> **INSTRUCTIONS TO FOLLOW**:
Word for word, return every record that follows.

BEGIN

lemma shifted_gaussian_sum_le:
  assumes c: "c \<le> N"
  shows "(\<Sum>m<N. exp (- \<beta> * (real m - real c)\<^sup>2)) \<le> 2 * (\<Sum>n\<le>N. exp (- \<beta> * (real n)\<^sup>2))"
proof -
  let ?f = "\<lambda>m. exp (- \<beta> * (real m - real c)\<^sup>2)" and ?g = "\<lambda>n. exp (- \<beta> * (real n)\<^sup>2)"
  have "(\<Sum>m<N. ?f m) = (\<Sum>m\<in>{m. m < N \<and> c \<le> m} \<union> {m. m < N \<and> m < c}. ?f m)"
    by (rule sum.cong) auto
  also have "\<dots> = (\<Sum>m\<in>{m. m < N \<and> c \<le> m}. ?f m) + (\<Sum>m\<in>{m. m < N \<and> m < c}. ?f m)"
    by (rule sum.union_disjoint) auto
  also have "(\<Sum>m\<in>{m. m < N \<and> c \<le> m}. ?f m) \<le> (\<Sum>n\<le>N. ?g n)"
  proof (rule sum_le_included[where i="\<lambda>n. n + c"])
    show "\<forall>x\<in>{m. m < N \<and> c \<le> m}. \<exists>y\<in>{..N}. y + c = x \<and> ?f x \<le> ?g y"
    proof
      fix x assume x: "x \<in> {m. m < N \<and> c \<le> m}"
      then have e: "real x - real c = real (x - c)" by simp
      have "x - c \<in> {..N}" using x by auto
      moreover have "(x - c) + c = x" using x by auto
      moreover have "?f x \<le> ?g (x - c)" by (simp only: e order.refl)
      ultimately show "\<exists>y\<in>{..N}. y + c = x \<and> ?f x \<le> ?g y" by blast
    qed
  qed auto
  also have "(\<Sum>m\<in>{m. m < N \<and> m < c}. ?f m) \<le> (\<Sum>n\<le>N. ?g n)"
  proof (rule sum_le_included[where i="\<lambda>n. c - n"])
    show "\<forall>x\<in>{m. m < N \<and> m < c}. \<exists>y\<in>{..N}. c - y = x \<and> ?f x \<le> ?g y"
    proof
      fix x assume x: "x \<in> {m. m < N \<and> m < c}"
      then have e: "(real x - real c)\<^sup>2 = (real (c - x))\<^sup>2" by (simp add: power2_commute of_nat_diff)
      have "c - x \<in> {..N}" using x c by auto
      moreover have "c - (c - x) = x" using x by auto
      moreover have "?f x \<le> ?g (c - x)" by (simp only: e order.refl)
      ultimately show "\<exists>y\<in>{..N}. c - y = x \<and> ?f x \<le> ?g y" by blast
    qed
  qed auto
  finally show ?thesis by simp
qed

END

> **ANSWER TO THIS TASK**:
lemma shifted_gaussian_sum_le:
  assumes c: "c \<le> N"
  shows "(\<Sum>m<N. exp (- \<beta> * (real m - real c)\<^sup>2)) \<le> 2 * (\<Sum>n\<le>N. exp (- \<beta> * (real n)\<^sup>2))"
proof -
  let ?f = "\<lambda>m. exp (- \<beta> * (real m - real c)\<^sup>2)" and ?g = "\<lambda>n. exp (- \<beta> * (real n)\<^sup>2)"
  have "(\<Sum>m<N. ?f m) = (\<Sum>m\<in>{m. m < N \<and> c \<le> m} \<union> {m. m < N \<and> m < c}. ?f m)"
    by (rule sum.cong) auto
  also have "\<dots> = (\<Sum>m\<in>{m. m < N \<and> c \<le> m}. ?f m) + (\<Sum>m\<in>{m. m < N \<and> m < c}. ?f m)"
    by (rule sum.union_disjoint) auto
  also have "(\<Sum>m\<in>{m. m < N \<and> c \<le> m}. ?f m) \<le> (\<Sum>n\<le>N. ?g n)"
  proof (rule sum_le_included[where i="\<lambda>n. n + c"])
    show "\<forall>x\<in>{m. m < N \<and> c \<le> m}. \<exists>y\<in>{..N}. y + c = x \<and> ?f x \<le> ?g y"
    proof
      fix x assume x: "x \<in> {m. m < N \<and> c \<le> m}"
      then have e: "real x - real c = real (x - c)" by simp
      have "x - c \<in> {..N}" using x by auto
      moreover have "(x - c) + c = x" using x by auto
      moreover have "?f x \<le> ?g (x - c)" by (simp only: e order.refl)
      ultimately show "\<exists>y\<in>{..N}. y + c = x \<and> ?f x \<le> ?g y" by blast
    qed
  qed auto
  also have "(\<Sum>m\<in>{m. m < N \<and> m < c}. ?f m) \<le> (\<Sum>n\<le>N. ?g n)"
  proof (rule sum_le_included[where i="\<lambda>n. c - n"])
    show "\<forall>x\<in>{m. m < N \<and> m < c}. \<exists>y\<in>{..N}. c - y = x \<and> ?f x \<le> ?g y"
    proof
      fix x assume x: "x \<in> {m. m < N \<and> m < c}"
      then have e: "(real x - real c)\<^sup>2 = (real (c - x))\<^sup>2" by (simp add: power2_commute of_nat_diff)
      have "c - x \<in> {..N}" using x c by auto
      moreover have "c - (c - x) = x" using x by auto
      moreover have "?f x \<le> ?g (c - x)" by (simp only: e order.refl)
      ultimately show "\<exists>y\<in>{..N}. c - y = x \<and> ?f x \<le> ?g y" by blast
    qed
  qed auto
  finally show ?thesis by simp
qed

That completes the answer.